Since the first publication of this book in 1890, Mr S. O. Addy has published a number of traditional tales collected in the counties of York, Lincoln, Derby, and Nottingham (Household Tales and other Traditional Romances, Nutt, 1895). Mr Baring-Gould, who was himself one of the earliest modern collectors of English folk-tales, has brought together a number of legends and tales in his English Fairy Tales, 1895, and I have myself published a sequel entitled More English Fairy Tales, containing forty-four additional stories (Nutt, 1894). This includes a number of previously unpublished English folk-tales collected by Mrs Balfour and Mrs Gomme. In the introduction to the notes to this sequel volume, I have made some general remarks on the English folk-tale in particular, and on its relations to the general body of European tales. Of the eighty-seven tales contained in my two volumes, thirty-eight are Märchen proper, ten sagas or legends, nineteen drolls, four cumulative stories, six beast tales, and ten nonsense stories. With regard to their provenance, eight are derived from ballads, while twenty-nine others show traces of having rhyming portions and thus partaking of the nature of the cante-fable. Of the seventy story-radicles common to the European area, about forty are represented in my two volumes, and of these about twenty-seven are shown in the notes to have been imported. It is probable that of the remaining thirty radicles many once existed in England, and some of them can be traced in the English-speaking Pale in Ireland. These statistics show a rather larger proportion of imported tales than other parts of Europe, where tradition has not so completely died out. But, properly speaking, we may say that from a quarter to a third of the story store of any European country has been derived from abroad, and is in most cases shared by all Europe. Hitherto the attention of folk-lorists has been concentrated on these common elements of European folk-lore, but in reality the chief interest is afforded by the native tales in each country, which are the only ones to which we can legitimately apply the method of 'survivals'.
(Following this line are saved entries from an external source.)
lemma deriv_ne_0_if_zero_free:
  assumes "m = 0" "I = {}"
  shows "deriv f z \<noteq> 0"
proof
  assume dz: "deriv f z = 0"
  have fnz: "f y \<noteq> 0" for y using zero_iff assms by auto
  have df: "deriv f y = C * f y" for y
  proof -
    have "(\<lambda>k. 0) sums (deriv f y / f y - C)"
      using logderiv[OF fnz[of y]] assms by (simp add: logderiv_term_def)
    then have "deriv f y / f y - C = 0" using sums_unique2 sums_zero by blast
    then show ?thesis using fnz[of y] by (simp add: field_simps)
  qed
  then have "C = 0" using dz fnz[of z] by simp
  then have "(f has_field_derivative 0) (at y within UNIV)" for y
    using df[of y] entire by (metis holomorphic_derivI open_UNIV UNIV_I mult_zero_left)
  then obtain c where "\<forall>y\<in>UNIV. f y = c"
    using has_field_derivative_zero_constant[of UNIV f] by auto
  with nonconst show False by auto
qed

lemma deriv_eq_0_imp_Reals:
  assumes dz: "deriv f z = 0"
  shows "z \<in> \<real>"
proof (rule ccontr)
  assume "z \<notin> \<real>"
  then have imz: "Im z \<noteq> 0" and fz: "f z \<noteq> 0" using real_zeros by (auto simp: complex_is_Real_iff)
  obtain x where x: "x \<in> \<real>" "f x \<noteq> 0" using ex_Reals_nonzero[OF entire nonconst] by blast
  have "deriv f x / f x - of_nat m / x \<in> \<real>"
    using deriv_in_Reals[OF entire real_on_real x(1)] real_on_real x(1)
    by (auto intro: Reals_divide Reals_diff)
  then have Im_x: "Im (deriv f x / f x - of_nat m / x) = 0" by (simp add: complex_is_Real_iff)
  define q where "q = (Re z)\<^sup>2 + (Im z)\<^sup>2"
  have q: "q > 0" using imz by (simp add: q_def add_nonneg_pos)
  define w where "w k = (if k \<in> I then 1 / ((Re z - Re (a k))\<^sup>2 + (Im z)\<^sup>2) else 0)" for k
  have "(\<lambda>k. Im (if k \<in> I then 1 / (z - a k) - 1 / (x - a k) else 0)) sums
      Im ((deriv f z / f z - of_nat m / z) - (deriv f x / f x - of_nat m / x))"
    using sums_Im[OF logderiv_diff_sums[OF fz x(2)]] .
  moreover have "Im (if k \<in> I then 1 / (z - a k) - 1 / (x - a k) else 0) = - Im z * w k" for k
    using Im_recip_diff_Reals[OF zero_in_Reals x(1)] by (simp add: w_def)
  moreover have "Im ((deriv f z / f z - of_nat m / z) - (deriv f x / f x - of_nat m / x)) =
      - Im (of_nat m / z)"
    using dz Im_x by simp
  moreover have "- Im (of_nat m / z) = - Im z * (- of_nat m / q)"
    by (simp add: Im_divide q_def)
  ultimately have "(\<lambda>k. - Im z * w k) sums (- Im z * (- of_nat m / q))" by simp
  then have "w sums (- of_nat m / q)"
    using sums_mult_iff[of "- Im z" w "- of_nat m / q"] imz by (metis neg_equal_0_iff_equal)
  moreover have "0 \<le> w k" for k by (simp add: w_def)
  moreover have "- of_nat m / q \<le> 0" using q by simp
  ultimately have "- of_nat m / q = 0" "w = (\<lambda>_. 0)" by (rule sums_nonneg_nonpos_imp_zero)+
  then have "m = 0" "I = {}"
    using q imz by (auto simp: w_def fun_eq_iff add_nonneg_pos split: if_splits)
  then show False using deriv_ne_0_if_zero_free dz by blast
qed

lemma zero_between_real_critical_points:
  assumes u: "u \<in> \<real>" and v: "v \<in> \<real>" and uv: "Re u < Re v"
    and du: "deriv f u = 0" and dv: "deriv f v = 0"
  shows "\<exists>t. f t = 0 \<and> Re u \<le> Re t \<and> Re t \<le> Re v"
proof (rule ccontr)
  assume no_zero: "\<not> ?thesis"
  then have fu: "f u \<noteq> 0" and fv: "f v \<noteq> 0" using uv by (meson less_imp_le order_refl)+
  define r where "r k = (if k \<in> I then 1 / (Re u - Re (a k)) - 1 / (Re v - Re (a k)) else 0)" for k
  define s where "s = - (of_nat m * (1 / Re u - 1 / Re v))"
  have "(\<lambda>k. Re (if k \<in> I then 1 / (u - a k) - 1 / (v - a k) else 0)) sums
      Re ((deriv f u / f u - of_nat m / u) - (deriv f v / f v - of_nat m / v))"
    using sums_Re[OF logderiv_diff_sums[OF fu fv]] .
  moreover have "Re (if k \<in> I then 1 / (u - a k) - 1 / (v - a k) else 0) = r k" for k
    using Re_recip_diff_Reals[OF zero_in_Reals u v] by (simp add: r_def)
  moreover have "Re (of_nat m / u) = of_nat m / Re u" "Re (of_nat m / v) = of_nat m / Re v"
    using u v by (metis Re_complex_of_real of_real_Re of_real_divide of_real_of_nat_eq)+
  then have "Re ((deriv f u / f u - of_nat m / u) - (deriv f v / f v - of_nat m / v)) = s"
    using du dv by (simp add: s_def algebra_simps)
  ultimately have r_sums: "r sums s" by simp
  have r_pos: "r k > 0" if "k \<in> I" for k
  proof -
    have "f (a k) = 0" using zero_iff that by auto
    then have "Re (a k) < Re u \<or> Re v < Re (a k)" using no_zero by (meson not_le)
    then show ?thesis using recip_diff_pos_outside[OF uv] that by (simp add: r_def)
  qed
  then have r_nonneg: "0 \<le> r k" for k by (cases "k \<in> I") (auto simp: r_def intro: less_imp_le)
  have s_neg: "s < 0" if "m > 0"
  proof -
    have "f 0 = 0" using zero_iff that by auto
    then have "0 < Re u \<or> Re v < 0" using no_zero by (metis not_le zero_complex.sel(1))
    then have "1 / (Re u - 0) - 1 / (Re v - 0) > 0" using recip_diff_pos_outside[OF uv] by blast
    then show ?thesis using that by (simp add: s_def)
  qed
  then have "s \<le> 0" by (cases "m > 0") (auto simp: s_def)
  then have "s = 0" "r = (\<lambda>_. 0)" using sums_nonneg_nonpos_imp_zero[OF r_sums r_nonneg] by blast+
  with s_neg r_pos have "m = 0" "I = {}" by (auto simp: fun_eq_iff)
  then show False using deriv_ne_0_if_zero_free du by blast
qed

end

theorem theorem5:
  fixes f :: "complex \<Rightarrow> complex"
  assumes entire: "f holomorphic_on UNIV"
    and nonconst: "\<not> (\<exists>c. \<forall>z. f z = c)"
    and real_zeros: "\<forall>z. f z = 0 \<longrightarrow> z \<in> \<real>"
    and genus: "has_genus f 0 \<or> has_genus f 1"
    and real_on_real: "\<forall>x\<in>\<real>. f x \<in> \<real>"
  shows "Fix_Aut f \<subseteq> \<real>
    \<and> (\<forall>u\<in>Fix_Aut f. \<forall>v\<in>Fix_Aut f. Re u < Re v \<longrightarrow>
          (\<exists>t. f t = 0 \<and> Re u \<le> Re t \<and> Re t \<le> Re v))
    \<and> (\<forall>s t. f s = 0 \<and> f t = 0 \<and> Re s < Re t \<longrightarrow>
          (\<exists>w\<in>Fix_Aut f. Re s < Re w \<and> Re w < Re t))"
proof -
  have Fix: "Fix_Aut f = {w. deriv f w = 0}"
    using Fix_Aut_eq_critical_points[OF entire nonconst] .
  obtain g where "has_genus f g" "g \<le> 1" using genus by auto
  then obtain m I a p C where "\<And>z. f z = 0 \<longleftrightarrow> (0 < m \<and> z = 0) \<or> (\<exists>k\<in>I. z = a k)"
    and "\<And>z. f z \<noteq> 0 \<Longrightarrow> (\<lambda>k. logderiv_term I a p k z) sums (deriv f z / f z - of_nat m / z - C)"
    by (rule genus_le_1_logderiv_expansion) blast
  then interpret real_logderiv_expansion f I a p m C
    using entire nonconst real_on_real real_zeros by unfold_locales
  have Fix_real: "Fix_Aut f \<subseteq> \<real>" using Fix deriv_eq_0_imp_Reals by blast
  moreover have "\<exists>t. f t = 0 \<and> Re u \<le> Re t \<and> Re t \<le> Re v"
    if "u \<in> Fix_Aut f" "v \<in> Fix_Aut f" "Re u < Re v" for u v
    using that Fix Fix_real zero_between_real_critical_points by blast
  moreover have "\<exists>w\<in>Fix_Aut f. Re s < Re w \<and> Re w < Re t"
    if zeros: "f s = 0" "f t = 0" and less: "Re s < Re t" for s t
  proof -
    have st: "s \<in> \<real>" "t \<in> \<real>" "f s = f t" using zeros real_zeros by auto
    obtain \<xi> where "Re s < \<xi>" "\<xi> < Re t" "deriv f (of_real \<xi>) = 0"
      by (rule real_critical_point_between[OF entire real_on_real st(1,2) less st(3)]) blast
    then show ?thesis using Fix by (intro bexI[of _ "of_real \<xi>"]) auto
  qed
  ultimately show ?thesis by blast
qed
In a few cases English folk-tales still exist preserved in metrical form among the Ballads. Thus Catskin, which Mr Burchell told the Primrose children in The Vicar of Wakefield, is now only extant as a chap-book ballad. The story of Binnorie is closely allied to the theme of L'os qui chante, which M. Monseur has, with remarkable industry and success, traced in all the folk-literatures of Europe. Yet in England there is scarcely a trace of its being told otherwise than in ballad form, and that in Lowland Scotch or Northern English.
The folk-literature of the Northern Englishmen known as Scots is clearly closely allied to that of England. The chief collection that has been made of Scotch folk-tales is that of W. Chambers in that delightful book, The Nursery Rhymes of Scotland (1842). But out of the twenty-one tales included in the volume, sixteen can be traced among Southrons, and till evidence is shown to the contrary, there seems no reason to doubt that the remaining five were also once current on the southern side of the Border. There is no evidence of a distinct story store of Lowland Scots differing from that of Northern or even Southern Englishmen, and I have treated Scots for the purpose of this volume as if they were merely Englishmen, which may Lowland Caledonia forgive !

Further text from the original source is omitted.